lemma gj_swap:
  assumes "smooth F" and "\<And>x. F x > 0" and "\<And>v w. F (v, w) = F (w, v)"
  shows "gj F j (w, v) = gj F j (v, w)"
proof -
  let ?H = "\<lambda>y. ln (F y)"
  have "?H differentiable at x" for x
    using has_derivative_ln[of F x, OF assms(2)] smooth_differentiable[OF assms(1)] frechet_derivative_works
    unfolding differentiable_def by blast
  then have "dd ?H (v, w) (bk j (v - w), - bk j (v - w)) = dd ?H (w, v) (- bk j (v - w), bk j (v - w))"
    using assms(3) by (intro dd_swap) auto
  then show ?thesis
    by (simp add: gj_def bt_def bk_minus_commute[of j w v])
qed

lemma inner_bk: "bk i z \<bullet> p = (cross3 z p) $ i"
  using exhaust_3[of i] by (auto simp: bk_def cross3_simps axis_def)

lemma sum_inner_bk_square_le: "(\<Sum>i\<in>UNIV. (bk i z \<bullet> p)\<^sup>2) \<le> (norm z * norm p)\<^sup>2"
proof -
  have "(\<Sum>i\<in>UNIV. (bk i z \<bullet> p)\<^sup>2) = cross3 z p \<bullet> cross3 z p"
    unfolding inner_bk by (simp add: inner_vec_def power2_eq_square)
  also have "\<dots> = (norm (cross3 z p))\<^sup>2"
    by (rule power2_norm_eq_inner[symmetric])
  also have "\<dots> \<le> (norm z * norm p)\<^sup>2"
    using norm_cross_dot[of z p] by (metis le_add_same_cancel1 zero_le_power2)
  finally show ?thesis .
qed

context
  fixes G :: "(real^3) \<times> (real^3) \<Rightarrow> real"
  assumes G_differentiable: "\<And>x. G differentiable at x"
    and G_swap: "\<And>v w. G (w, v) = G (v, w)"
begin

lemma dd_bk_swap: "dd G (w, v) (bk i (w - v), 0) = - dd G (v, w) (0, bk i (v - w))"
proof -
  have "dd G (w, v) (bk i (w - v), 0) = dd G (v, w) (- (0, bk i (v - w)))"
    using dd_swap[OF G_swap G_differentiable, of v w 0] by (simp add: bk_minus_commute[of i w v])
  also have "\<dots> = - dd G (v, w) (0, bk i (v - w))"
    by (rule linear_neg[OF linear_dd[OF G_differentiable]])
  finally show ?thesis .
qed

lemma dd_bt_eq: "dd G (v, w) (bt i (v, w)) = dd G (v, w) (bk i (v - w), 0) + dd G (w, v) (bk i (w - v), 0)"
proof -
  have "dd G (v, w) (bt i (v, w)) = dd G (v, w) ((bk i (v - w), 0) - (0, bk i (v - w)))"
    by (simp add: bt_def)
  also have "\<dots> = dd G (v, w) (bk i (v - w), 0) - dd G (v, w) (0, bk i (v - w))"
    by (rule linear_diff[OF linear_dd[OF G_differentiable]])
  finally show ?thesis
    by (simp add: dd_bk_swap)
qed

_WORK REQUIRED_
Starting at the line above that holds "p)\<^sup>2) \<le> (norm" and ending at the line that holds "unfolding inner_bk by", transcribe each line exactly and include no other lines.

_REPLY_
lemma sum_inner_bk_square_le: "(\<Sum>i\<in>UNIV. (bk i z \<bullet> p)\<^sup>2) \<le> (norm z * norm p)\<^sup>2"
proof -
  have "(\<Sum>i\<in>UNIV. (bk i z \<bullet> p)\<^sup>2) = cross3 z p \<bullet> cross3 z p"
    unfolding inner_bk by (simp add: inner_vec_def power2_eq_square)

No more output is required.